Book Marketing and Promotion Plan

You are hard at work marketing and promoting your book.  It really is exhausting and tiPlanme consuming and you are frustrated that sales aren’t coming in.

Every author feels that at one time or another.  It is hard work marketing and promoting your own work.  That is the reason you need a plan.  With a plan you can free yourself to work on your next book.

I know that is easy for me to say.  I too, work a 40 hour week job, have a husband I want to spend time with, have a home to care for, plus we live on a farm.  So, I do not have a lot of free times to spend on marketing and promoting my own work let alone have time to work on my next book.  Yet, a plan helps keep me on track.
Here is a sample plan to help you stay on track, yet not using a lot of time.

Monday – Look up your favorite books on Amazon and read a few reviews and if you like the review click “Yes” where it asks if this review was helpful to you.  Do this even if you have already reviewed the book or purchased it.  You can do this on other books that you have not read and do not intend to purchase.  By clicking “Yes” this helps the ranking of the book.  Spend no more than 15 minutes on this task.  If you know the author, let them know that you did this and ask them to do the same for you.

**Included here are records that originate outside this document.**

(* Let $F=\sum_{\mathbf i\in I_F}a_{\mathbf i}\mathbf{x}^{\mathbf i}\in K[x_1,\dots,x_n]$ be irreducible and $\mathbf u\in(K^* )^n$. Then $F$ and $D_{\mathbf u}(F)$ are not coprime if and only if $\frac{a_{\mathbf i}\mathbf u^{\mathbf i}}{a_{\mathbf j}\mathbf u^{\mathbf j}}\in\mathbf{k}^*$ for all $\mathbf i,\mathbf j\in I_F$.
   Context: $\mathbf{k}$ is an algebraically closed field of characteristic zero, $K=\mathbf{k}(C)$ the function field of a smooth projective curve $C$ over $\mathbf{k}$. Fix $t\in K\setminus\mathbf{k}$; $\eta'=d\eta/dt$ is the derivation of $K$ extending $d/dt$ on $\mathbf{k}(t)$ (its kernel is $\mathbf{k}$). $I_F$ is the set of exponents $\mathbf i$ with $a_{\mathbf i}\ne0$, $\mathbf x^{\mathbf i}=x_1^{i_1}\cdots x_n^{i_n}$, $\mathbf u^{\mathbf i}=u_1^{i_1}\cdots u_n^{i_n}$, and $D_{\mathbf u}(F)=\sum_{\mathbf i\in I_F}\frac{(a_{\mathbf i}\mathbf{u}^{\mathbf i})'}{\mathbf{u}^{\mathbf i}}\mathbf{x}^{\mathbf i}$. "Not coprime" means having a common nonconstant factor in $K[x_1,\dots,x_n]$ (the zero polynomial is divisible by $F$). *)

theory Defs
  imports "HOL-Library.Poly_Mapping" "HOL-Computational_Algebra.Polynomial"
    "HOL-Computational_Algebra.Factorial_Ring"
begin
lemma payoff_has_derivative_psi:
  assumes "GNE y" "i < n" "j \<in> J y i"
  shows "((\<lambda>v. v powr a i * F i j (v + others y i j)) has_real_derivative
           y i j powr (a i - 1) * \<psi> i j (y i j) (others y i j)) (at (y i j))"
proof -
  note y = J_interior[OF assms]
  have "y i j + others y i j \<in> {0<..<1}"
    using omega_root(2)[OF assms(2) y(1)] y GNE_others_nonneg[OF assms(1) y(1), where i = i] by simp
  then have "F i j differentiable (at (y i j + others y i j))"
    using F_regular(2)[OF assms(2) y(1)] by blast
  from has_real_derivative_powr_times_shifted[OF this y(2)] show ?thesis
    unfolding psi_def .
qed

lemma psi_nonneg_on_J:
  assumes "GNE y" "i < n" "j \<in> J y i"
  shows "0 \<le> \<psi> i j (y i j) (others y i j)"
proof -
  note y = J_interior[OF assms]
  have act: "j \<in> active y i" using assms(3) unfolding Jset_def by simp
  have "0 \<le> y i j powr (a i - 1) * \<psi> i j (y i j) (others y i j)"
  proof (rule DERIV_nonneg_if_left_local_max[OF payoff_has_derivative_psi[OF assms] y(2)])
    fix v assume "y i j - y i j \<le> v" "v \<le> y i j"
    then show "v powr a i * F i j (v + others y i j) \<le> y i j powr a i * F i j (y i j + others y i j)"
      using GNE_coordinate_optimal[OF assms(1,2) act] y GNE_simplex(2)[OF assms(1,2)] by simp
  qed
  then show ?thesis using y(2) by (simp add: zero_le_mult_iff)
qed

lemma psi_nonpos_on_J_if_slack:
  assumes "GNE y" "i < n" "j \<in> J y i" "(\<Sum>l<m. y i l) < 1"
  shows "\<psi> i j (y i j) (others y i j) \<le> 0"
proof -
  note y = J_interior[OF assms(1-3)]
  have act: "j \<in> active y i" using assms(3) unfolding Jset_def by simp
  define e where "e = min (\<omega> i j - others y i j - y i j) (1 - (\<Sum>l<m. y i l))"
  have "0 < e" using y assms(4) unfolding e_def by simp
  have "y i j powr (a i - 1) * \<psi> i j (y i j) (others y i j) \<le> 0"
  proof (rule DERIV_nonpos_if_right_local_max[OF payoff_has_derivative_psi[OF assms(1-3)] \<open>0 < e\<close>])
    fix v assume "y i j \<le> v" "v \<le> y i j + e"
    then show "v powr a i * F i j (v + others y i j) \<le> y i j powr a i * F i j (y i j + others y i j)"
      using GNE_coordinate_optimal[OF assms(1,2) act] y unfolding e_def by simp
  qed
  then show ?thesis using y(2) by (simp add: mult_le_0_iff)
qed

lemma active_in_J_if_slack:
  assumes "GNE x" "i < n" "(\<Sum>l<m. x i l) < 1" "j \<in> active x i"
  shows "j \<in> J x i"
proof (rule ccontr)
  assume "j \<notin> J x i"
  with assms(4) have "x i j = 0" unfolding Jset_def by simp
  have j: "j < m" using assms(4) unfolding activeA_def by simp
  have s: "0 \<le> others x i j" "others x i j < \<omega> i j"
    using GNE_others_nonneg[OF assms(1) j] assms(4) unfolding activeA_def by auto
  \<comment> \<open>any small investment in an active CPR earns a positive payoff\<close>
  define v where "v = min (\<omega> i j - others x i j) (1 - (\<Sum>l<m. x i l)) / 2"
  have v: "0 < v" "v < \<omega> i j - others x i j" "v \<le> 1 - (\<Sum>l<m. x i l)"
    using s assms(3) unfolding v_def by auto
  have "0 < v powr a i * F i j (v + others x i j)"
    using F_pos_below_omega[OF assms(2) j] v s by simp
  also have "\<dots> \<le> x i j powr a i * F i j (x i j + others x i j)"
    using GNE_coordinate_optimal[OF assms(1,2,4)] v \<open>x i j = 0\<close> by simp
  finally show False using \<open>x i j = 0\<close> by simp
qed

lemma psi_strict_antimono:
  assumes "i < n" "j < m" "0 \<le> u" "u < v" "0 < u + s" "u + s \<le> v + t" "v + t < 1"
  shows "\<psi> i j v t < \<psi> i j u s"
proof -
  let ?F' = "deriv (F i j)"
  have "?F' (v + t) < 0" using F_regular(2)[OF assms(1,2)] assms(5-7) by simp
  then have "v * ?F' (v + t) < u * ?F' (v + t)" by (rule mult_strict_right_mono_neg[OF assms(4)])
  also have "\<dots> \<le> u * ?F' (u + s)"
    using deriv_F_antimono[OF assms(1,2,5,6,7)] assms(3) by (rule mult_left_mono)
  finally have "v * ?F' (v + t) < u * ?F' (u + s)" .
  moreover have "F i j (v + t) \<le> F i j (u + s)"
    using F_strict_antimono[OF assms(1,2), of "u + s" "v + t"] assms(5-7) by (cases "u + s = v + t") auto
  moreover have "0 < a i" using fragile assms(1) unfolding fragile_game_def by simp
  ultimately have "a i * F i j (v + t) \<le> a i * F i j (u + s)" by simp
  with \<open>v * ?F' (v + t) < u * ?F' (u + s)\<close> show ?thesis unfolding psi_def by simp
qed

lemma J_subset_if_slack:
  assumes "GNE x" "GNE y" "\<forall>j<m. totalT n x j \<le> totalT n y j" "i < n" "(\<Sum>l<m. x i l) < 1"
  shows "J y i \<subseteq> J x i"
proof
  fix j assume "j \<in> J y i"
  note y = J_interior[OF assms(2,4) this]
  have "others x i j \<le> totalT n x j"
    using totalT_split[OF assms(4)] GNE_simplex(1)[OF assms(1,4) y(1)] by simp
  also have "\<dots> \<le> totalT n y j" using assms(3) y(1) by simp
  also have "\<dots> < \<omega> i j" using totalT_split[OF assms(4)] y(3) by simp
  finally have "j \<in> active x i" unfolding activeA_def using y(1) by simp
  then show "j \<in> J x i" using active_in_J_if_slack[OF assms(1,4,5)] by blast
qed

lemma le_on_J_if_type_I:
  assumes "GNE x" "GNE y" "\<forall>j<m. totalT n x j \<le> totalT n y j" "i < n" "type_I x i"
    and "j \<in> J y i"
  shows "y i j \<le> x i j"
proof (rule ccontr)
  assume "\<not> y i j \<le> x i j"
  have "j \<in> J x i"
    using J_subset_if_slack[OF assms(1-4) type_I_slack[OF assms(1,4,5)]] assms(6) by blast
  note x = J_interior[OF assms(1,4) this] and y = J_interior[OF assms(2,4,6)]
  have "x i j + others x i j \<le> y i j + others y i j"
    using assms(3) x(1) totalT_split[OF assms(4)] by metis
  moreover have "y i j + others y i j < 1" using y omega_root(2)[OF assms(4) y(1)] by simp
  ultimately have "\<psi> i j (y i j) (others y i j) < \<psi> i j (x i j) (others x i j)"
    using psi_strict_antimono[OF assms(4) x(1)] x(2) GNE_others_nonneg[OF assms(1) x(1), where i = i]
      \<open>\<not> y i j \<le> x i j\<close> by simp
  also have "\<dots> = 0" using assms(5) \<open>j \<in> J x i\<close> unfolding typeI_def by simp
  finally show False using psi_nonneg_on_J[OF assms(2,4,6)] by simp
qed

lemma type_I_preserved:
  assumes "GNE x" "GNE y" "\<forall>j<m. totalT n x j \<le> totalT n y j" "i < n" "type_I x i"
  shows "type_I y i"
proof -
  have J: "J y i \<subseteq> J x i"
    using J_subset_if_slack[OF assms(1-4) type_I_slack[OF assms(1,4,5)]] .
  have "(\<Sum>j\<in>J y i. y i j) \<le> (\<Sum>j\<in>J y i. x i j)"
    using le_on_J_if_type_I[OF assms] by (rule sum_mono)
  also have "\<dots> \<le> (\<Sum>j\<in>J x i. x i j)"
    using J J_subset_lessThan[of x i] GNE_simplex(1)[OF assms(1,4)]
    by (intro sum_mono2) (auto intro: finite_subset)
  also have "\<dots> < 1" using assms(5) unfolding typeI_def by simp
  finally have slack: "(\<Sum>j\<in>J y i. y i j) < 1" .
  then have "\<forall>j\<in>J y i. \<psi> i j (y i j) (others y i j) = 0"
    using psi_nonneg_on_J[OF assms(2,4)] psi_nonpos_on_J_if_slack[OF assms(2,4)]
      GNE_sum_over_J[OF assms(2,4)] by (simp add: order_antisym)
  with slack show ?thesis unfolding typeI_def by simp
qed

end

theorem lemma6:
  fixes n m :: nat and R p :: "nat \<Rightarrow> real \<Rightarrow> real" and a k :: "nat \<Rightarrow> real"
    and x y :: "nat \<Rightarrow> nat \<Rightarrow> real"
  assumes "fragile_game n m R p a k"
    and "is_GNE n m R p a k x" and "is_GNE n m R p a k y"
    and "\<forall>j<m. totalT n x j \<le> totalT n y j"
  shows "(\<forall>i\<in>TI n m R p a k x. Jset n m R p a k y i \<subseteq> Jset n m R p a k x i)
         \<and> TI n m R p a k x \<subseteq> TI n m R p a k y"
proof -
  interpret fragile_cpr_game n m R p a k
    by unfold_locales (fact assms(1))
  show ?thesis
    using J_subset_if_slack[OF assms(2-4)] type_I_slack[OF assms(2)] type_I_preserved[OF assms(2-4)]
    unfolding TI_def by blast
qed

end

Tuesday – Write a Press Release and send to at least three newspapers, magazines, etc.

Wednesday – Work on your website.  Update the events, change photos, add content, etc.

Thursday – Post a blog on your blog site.  If you can write more than one blog post in 15 to 30 minutes, schedule one to post on another day.

Friday – If you go out to lunch with spouse or friends, leave your business card on the table.  Your business card should have your web site listed.  If you don’t go out to lunch, visit your social  media sites and respond to your followers or start a discussion.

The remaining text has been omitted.